The honest evidence posture, paraphrased from the repo’s own README: run_eval.py runs and the loops are deterministic for the demo inputs. Regret-based updates, richer priors, embedding-based retrieval, real pipeline execution are described but not verified — they’re the roadmap, not results.

How this fits

This layer sits between the substrate and the failure-driven feedback loops above it.

  • In the current repo, it reads priors and failure counts from JSON on disk. In the stack, that is the same boundary Memory Dropbox is meant to serve once the substrate integration is real.

  • The trajectories it produces become structured failure traces with a documented schema (in memoryevalguided), so failed runs become comparable objects rather than ad-hoc strings.
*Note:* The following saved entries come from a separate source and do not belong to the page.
definition signs4 :: "int list list" where
  "signs4 = List.n_lists 4 [1, -1]"

lemma signs4_iff: "\<sigma> \<in> set signs4 \<longleftrightarrow> length \<sigma> = 4 \<and> set \<sigma> \<subseteq> {1, -1}"
  by (auto simp: signs4_def set_n_lists)

lemma signs4_nth:
  assumes "\<sigma> \<in> set signs4" "i < 4"
  shows "\<sigma> ! i \<in> {1, -1}"
proof -
  have "\<sigma> ! i \<in> set \<sigma>"
    using assms by (simp add: signs4_iff)
  then show ?thesis
    using assms(1) signs4_iff by blast
qed

lemma signs4_mult:
  assumes "\<sigma> \<in> set signs4" "\<tau> \<in> set signs4"
  shows "map2 (*) \<sigma> \<tau> \<in> set signs4"
proof -
  have "x * y \<in> {1, -1}" if "(x, y) \<in> set (zip \<sigma> \<tau>)" for x y
  proof -
    have "x \<in> {1, -1}" "y \<in> {1, -1}"
      using assms set_zip_leftD[OF that] set_zip_rightD[OF that] by (auto simp: signs4_iff)
    then show ?thesis
      by auto
  qed
  then show ?thesis
    using assms by (auto simp: signs4_iff)
qed

definition sperm :: "(nat \<Rightarrow> nat) \<Rightarrow> int list \<Rightarrow> zgold list \<Rightarrow> zgold list" where
  "sperm p \<sigma> v = map2 gscale \<sigma> (permute_list p v)"

lemma length_sperm [simp]: "length (sperm p \<sigma> v) = min (length \<sigma>) (length v)"
  by (simp add: sperm_def)
(* Let $\mathbf x\in\mathcal D^m$ have finite quadratic variation along $\pi$, i.e. $\mathbf q_n(t)=\sum_{i:\,t^n_i\le t}(\mathbf{x}(t^n_{i+1})-\mathbf{x}(t^n_i))(\mathbf{x}(t^n_{i+1})-\mathbf{x}(t^n_i))^T$ converges in $(\mathcal D^{m\times m},d)$ to a limit $[\mathbf x]_\pi$. Then: (i) $\mathbf q_n\to[\mathbf x]_\pi$ locally uniformly on $[0,\infty)$ if and only if $\mathbf x$ is continuous; (ii) $F(\mathbf q_n)\to F([\mathbf x]_\pi)$ for every functional $F$ on $\mathcal D^{m\times m}$ which is $J_1$-continuous at $[\mathbf x]_\pi$.
   Context: Let $\pi=(\pi_n)_{n\ge1}$ be a sequence of partitions $\pi_n=(t^n_0,\dots,t^n_{k_n})$ with $0=t^n_0<\dots<t^n_{k_n}<\infty$, $t^n_{k_n}\uparrow\infty$, and mesh tending to $0$ on compacts; sums over $i$ run over $0\le i<k_n$. $\mathcal D^m$, $\mathcal D^{m\times m}$ denote the spaces of càdlàg functions $[0,\infty)\to\mathbb R^m$, resp. $\mathbb R^{m\times m}$, each with a metric $d$ inducing the Skorokhod $J_1$ topology. *)

theory Defs
  imports "HOL-Analysis.Analysis"
begin

text \<open>Functions on the time axis are modelled as total functions on real;
only their values on [0,\<infinity>) matter.\<close>

definition cadlag :: "(real \<Rightarrow> 'a::metric_space) \<Rightarrow> bool" where
  "cadlag f \<longleftrightarrow> (\<forall>t\<ge>0. continuous (at_right t) f) \<and>
                 (\<forall>t>0. \<exists>l. (f \<longlongrightarrow> l) (at_left t))"

definition time_change :: "(real \<Rightarrow> real) \<Rightarrow> bool" where
  "time_change l \<longleftrightarrow> continuous_on {0..} l \<and> strict_mono_on {0..} l \<and>
                      bij_betw l {0..} {0..}"

text \<open>Convergence of a sequence in the Skorokhod J1 topology on D[0,\<infinity>)
  (Jacod--Shiryaev, Thm. VI.1.14).\<close>
definition J1_conv :: "(nat \<Rightarrow> real \<Rightarrow> 'a::metric_space) \<Rightarrow> (real \<Rightarrow> 'a) \<Rightarrow> bool" where
  "J1_conv ys y \<longleftrightarrow> (\<exists>l::nat \<Rightarrow> real \<Rightarrow> real.
      (\<forall>n. time_change (l n)) \<and>
      uniform_limit {0..} l (\<lambda>t. t) sequentially \<and>
      (\<forall>T\<ge>0. uniform_limit {0..T} (\<lambda>n t. ys n (l n t)) y sequentially))"

text \<open>Open sets of the J1 topology on the Skorokhod space (this topology is
  metrizable, hence determined by its convergent sequences).\<close>
definition J1_open :: "(real \<Rightarrow> 'a::metric_space) set \<Rightarrow> bool" where
  "J1_open U \<longleftrightarrow> U \<subseteq> {f. cadlag f} \<and>
     (\<forall>y\<in>U. \<forall>ys. (\<forall>n. cadlag (ys n)) \<and> J1_conv ys y \<longrightarrow> (\<forall>\<^sub>F n in sequentially. ys n \<in> U))"

definition J1_continuous_at :: "((real \<Rightarrow> 'a::metric_space) \<Rightarrow> real) \<Rightarrow> (real \<Rightarrow> 'a) \<Rightarrow> bool" where
  "J1_continuous_at F y \<longleftrightarrow>
     (\<forall>e>0. \<exists>U. J1_open U \<and> y \<in> U \<and> (\<forall>z\<in>U. \<bar>F z - F y\<bar> < e))"

definition mesh_on :: "(nat \<Rightarrow> real) \<Rightarrow> nat \<Rightarrow> real \<Rightarrow> real" where
  "mesh_on p k T = Max ({p (Suc i) - p i | i. i < k \<and> p i \<le> T} \<union> {0})"

definition partition_seq :: "(nat \<Rightarrow> nat \<Rightarrow> real) \<Rightarrow> (nat \<Rightarrow> nat) \<Rightarrow> bool" where
  "partition_seq t k \<longleftrightarrow>
     (\<forall>n. t n 0 = 0) \<and>
     (\<forall>n i. i < k n \<longrightarrow> t n i < t n (Suc i)) \<and>
     incseq (\<lambda>n. t n (k n)) \<and> filterlim (\<lambda>n. t n (k n)) at_top sequentially \<and>
     (\<forall>T>0. (\<lambda>n. mesh_on (t n) (k n) T) \<longlonglongrightarrow> 0)"

definition outer :: "real^'m \<Rightarrow> real^'m \<Rightarrow> real^'m^'m" where
  "outer v w = (\<chi> i j. v$i * w$j)"

definition qv_n :: "(nat \<Rightarrow> nat \<Rightarrow> real) \<Rightarrow> (nat \<Rightarrow> nat) \<Rightarrow> (real \<Rightarrow> real^'m) \<Rightarrow> nat \<Rightarrow> real \<Rightarrow> real^'m^'m" where
  "qv_n t k x n s = (\<Sum>i\<in>{i. i < k n \<and> t n i \<le> s}.
       outer (x (t n (Suc i)) - x (t n i)) (x (t n (Suc i)) - x (t n i)))"

end

theory Submission
  imports Defs
begin

text \<open>Both directions of (i) compare jumps. If q_n converges to [x] locally uniformly and x jumps
  at s > 0, look at the last partition point before s: there q_n jumps by the square of an
  increment of x across s, which tends to |x(s) - x(s-)|^2, whereas uniform convergence sends the
  values of q_n at that point and at its predecessor to the same limit [x](s-). Conversely, for
  continuous x all jumps of q_n on compacts are uniformly small, hence so are those of the J1
  limit (the time changes merely move jumps around), and J1 convergence to a continuous limit is
  locally uniform. Part (ii) is the sequential description of J1-open sets.\<close>

lemma uniform_limit_tendsto_compose:
  fixes f :: "'i \<Rightarrow> 'a \<Rightarrow> 'b::metric_space"
  assumes "uniform_limit S f g F" "\<forall>\<^sub>F n in F. a n \<in> S" "((\<lambda>n. g (a n)) \<longlongrightarrow> L) F"
  shows "((\<lambda>n. f n (a n)) \<longlongrightarrow> L) F"
proof (rule tendstoI)
  fix e :: real assume "e > 0"
  have "\<forall>\<^sub>F n in F. \<forall>x\<in>S. dist (f n x) (g x) < e/2"
    using uniform_limitD[OF assms(1) half_gt_zero[OF \<open>e > 0\<close>]] .
  moreover have "\<forall>\<^sub>F n in F. dist (g (a n)) L < e/2"
    using tendstoD[OF assms(3) half_gt_zero[OF \<open>e > 0\<close>]] .
  ultimately have "\<forall>\<^sub>F n in F. dist (f n (a n)) (g (a n)) < e/2 \<and> dist (g (a n)) L < e/2"
    using assms(2) by eventually_elim blast
  then show "\<forall>\<^sub>F n in F. dist (f n (a n)) L < e"
    by eventually_elim (metis dist_triangle_half_r dist_commute)
qed

lemma tendsto_at_left_sum_le:
  fixes p :: "'i \<Rightarrow> real" and f :: "'i \<Rightarrow> 'a::real_normed_vector"
  assumes "finite I"
  shows "((\<lambda>y. \<Sum>i\<in>{i\<in>I. p i \<le> y}. f i) \<longlongrightarrow> (\<Sum>i\<in>{i\<in>I. p i < s}. f i)) (at_left s)"
proof -
  have "\<forall>\<^sub>F y in at_left s. p i \<le> y \<longleftrightarrow> p i < s" for i
  proof (cases "p i < s")
    case True
    then show ?thesis by (auto simp: eventually_at_left[OF True] intro: exI[of _ "p i"])
  qed (auto simp: eventually_at_filter)
  then have "\<forall>\<^sub>F y in at_left s. \<forall>i\<in>I. p i \<le> y \<longleftrightarrow> p i < s"
    using assms by (simp add: eventually_ball_finite)
  then have "\<forall>\<^sub>F y in at_left s. (\<Sum>i\<in>{i\<in>I. p i < s}. f i) = (\<Sum>i\<in>{i\<in>I. p i \<le> y}. f i)"
    by (rule eventually_mono) (metis (no_types, lifting))
  then show ?thesis by (rule Lim_transform_eventually[OF tendsto_const])
qed

lemma continuous_at_right_sum_le:
  fixes p :: "'i \<Rightarrow> real" and f :: "'i \<Rightarrow> 'a::real_normed_vector"
  assumes "finite I"
  shows "continuous (at_right s) (\<lambda>y. \<Sum>i\<in>{i\<in>I. p i \<le> y}. f i)"
proof -
  have "\<forall>\<^sub>F y in at_right s. p i \<le> y \<longleftrightarrow> p i \<le> s" for i
  proof (cases "p i \<le> s")
    case False
    then have "s < p i" by simp
    then show ?thesis using False by (auto simp: eventually_at_right[OF \<open>s < p i\<close>] intro: exI[of _ "p i"])
  qed (auto simp: eventually_at_filter)
  then have "\<forall>\<^sub>F y in at_right s. \<forall>i\<in>I. p i \<le> y \<longleftrightarrow> p i \<le> s"
    using assms by (simp add: eventually_ball_finite)
  then have "\<forall>\<^sub>F y in at_right s. (\<Sum>i\<in>{i\<in>I. p i \<le> s}. f i) = (\<Sum>i\<in>{i\<in>I. p i \<le> y}. f i)"
    by (rule eventually_mono) (metis (no_types, lifting))
  then show ?thesis
    unfolding continuous_within by (rule Lim_transform_eventually[OF tendsto_const])
qed

lemma cadlag_sum_le:
  fixes p :: "'i \<Rightarrow> real" and f :: "'i \<Rightarrow> 'a::real_normed_vector"
  assumes "finite I"
  shows "cadlag (\<lambda>y. \<Sum>i\<in>{i\<in>I. p i \<le> y}. f i)"
  using continuous_at_right_sum_le[OF assms] tendsto_at_left_sum_le[OF assms]
  unfolding cadlag_def by blast

lemma cadlag_left_continuous_imp_continuous_on:
  assumes "cadlag f" "\<And>s. s > 0 \<Longrightarrow> continuous (at_left s) f"
  shows "continuous_on {0..} f"
  unfolding continuous_on_eq_continuous_within
proof
  fix s :: real assume "s \<in> {0..}"
  then have "continuous (at_right s) f" using assms(1) unfolding cadlag_def by simp
  moreover have "continuous (at_left s) f" if "s \<noteq> 0" using that \<open>s \<in> {0..}\<close> assms(2) by simp
  ultimately show "continuous (at s within {0..}) f"
    by (cases "s = 0") (auto simp: at_within_Ici_at_right continuous_at_split
        intro: continuous_at_imp_continuous_within)
qed

lemma J1_conv_tendsto_functional:
  assumes "\<forall>n. cadlag (ys n)" "J1_conv ys y" "J1_continuous_at F y"
  shows "(\<lambda>n. F (ys n)) \<longlonglongrightarrow> F y"
proof (rule tendstoI)
  fix e :: real assume "e > 0"
  then obtain U where U: "J1_open U" "y \<in> U" "\<forall>z\<in>U. \<bar>F z - F y\<bar> < e"
    using assms(3) unfolding J1_continuous_at_def by blast
  have "\<forall>\<^sub>F n in sequentially. ys n \<in> U"
    using U(1,2) assms(1,2) unfolding J1_open_def by blast
  then show "\<forall>\<^sub>F n in sequentially. dist (F (ys n)) (F y) < e"
    by eventually_elim (use U(3) in \<open>simp add: dist_real_def\<close>)
qed

lemma time_change_surj: "time_change l \<Longrightarrow> s \<ge> 0 \<Longrightarrow> \<exists>u\<ge>0. l u = s"
  unfolding time_change_def bij_betw_def by (metis atLeast_iff imageE)

lemma J1_conv_continuous_imp_uniform_limit:
  fixes y :: "real \<Rightarrow> 'a::metric_space"
  assumes J: "J1_conv ys y" and cont: "continuous_on {0..} y" and "T \<ge> 0"
  shows "uniform_limit {0..T} ys y sequentially"
proof (rule uniform_limitI)
  fix e :: real assume "e > 0"
  obtain l where l: "\<forall>n. time_change (l n)" "uniform_limit {0..} l (\<lambda>t. t) sequentially"
    and U: "uniform_limit {0..T+1} (\<lambda>n u. ys n (l n u)) y sequentially"
    using J \<open>T \<ge> 0\<close> unfolding J1_conv_def by force
  have "uniformly_continuous_on {0..T+1} y"
    by (rule compact_uniformly_continuous[OF continuous_on_subset[OF cont]]) auto
  then obtain d where "d > 0"
    and d: "\<And>u v. u \<in> {0..T+1} \<Longrightarrow> v \<in> {0..T+1} \<Longrightarrow> dist v u < d \<Longrightarrow> dist (y v) (y u) < e/2"
    unfolding uniformly_continuous_on_def using \<open>e > 0\<close> by (metis half_gt_zero)
  have "\<forall>\<^sub>F n in sequentially. \<forall>w\<in>{0..T+1}. dist (ys n (l n w)) (y w) < e/2"
    using uniform_limitD[OF U half_gt_zero[OF \<open>e > 0\<close>]] .
  moreover have "\<forall>\<^sub>F n in sequentially. \<forall>w\<in>{0..}. dist (l n w) w < min d 1"
    using uniform_limitD[OF l(2), of "min d 1"] \<open>d > 0\<close> by simp
  ultimately show "\<forall>\<^sub>F n in sequentially. \<forall>u\<in>{0..T}. dist (ys n u) (y u) < e"
  proof eventually_elim
    case (elim n)
    show ?case
    proof
      fix u assume u: "u \<in> {0..T}"
      then obtain w where w: "w \<ge> 0" "l n w = u" using time_change_surj l(1) by force
      then have "dist w u < min d 1" using elim(2) by (metis atLeast_iff dist_commute)
      then have "w \<in> {0..T+1}" using w u by (auto simp: dist_real_def)
      then have "dist (ys n u) (y w) < e/2" "dist (y w) (y u) < e/2"
        using elim(1) w(2) d u \<open>dist w u < min d 1\<close> by auto
      then show "dist (ys n u) (y u) < e" by (metis dist_triangle_half_r dist_commute)
    qed
  qed
qed

lemma time_change_pos: "time_change l \<Longrightarrow> s > 0 \<Longrightarrow> l s > 0"
  unfolding time_change_def strict_mono_on_def bij_betw_def
  by (metis atLeast_iff image_eqI less_eq_real_def less_le_not_le order.strict_trans2)

lemma time_change_filterlim_at_left:
  assumes "time_change l" "s > 0"
  shows "filterlim l (at_left (l s)) (at_left s)"
proof -
  have "isCont l s"
    using assms continuous_on_interior[of "{0..}" l s] unfolding time_change_def by simp
  then have "(l \<longlongrightarrow> l s) (at_left s)"
    by (simp add: isCont_def filterlim_at_split)
  moreover have "\<forall>\<^sub>F v in at_left s. l v < l s"
    using assms(1) \<open>s > 0\<close> unfolding time_change_def strict_mono_on_def eventually_at_left[OF \<open>s > 0\<close>]
    by (intro exI[of _ 0]) auto
  ultimately show ?thesis
    unfolding filterlim_at by (auto elim: eventually_mono)
qed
  • Failure clustering on those traces feeds back through Failure clusters as interventions, which is the bridge between “we noticed this pattern” and “we changed routing.”

  • When the same data is used to generate harder questions instead of change routing, that’s failure-induced benchmarks — the same substrate, the other direction.

The thread connecting all of these: aggregate scores hide structure. The only way to know which part of a memory-augmented or tool-using system broke — routing, retrieval, tool misuse, or model limits — is to make the layers addressable in the data you store. This repo demonstrates that discipline at scaffold scale.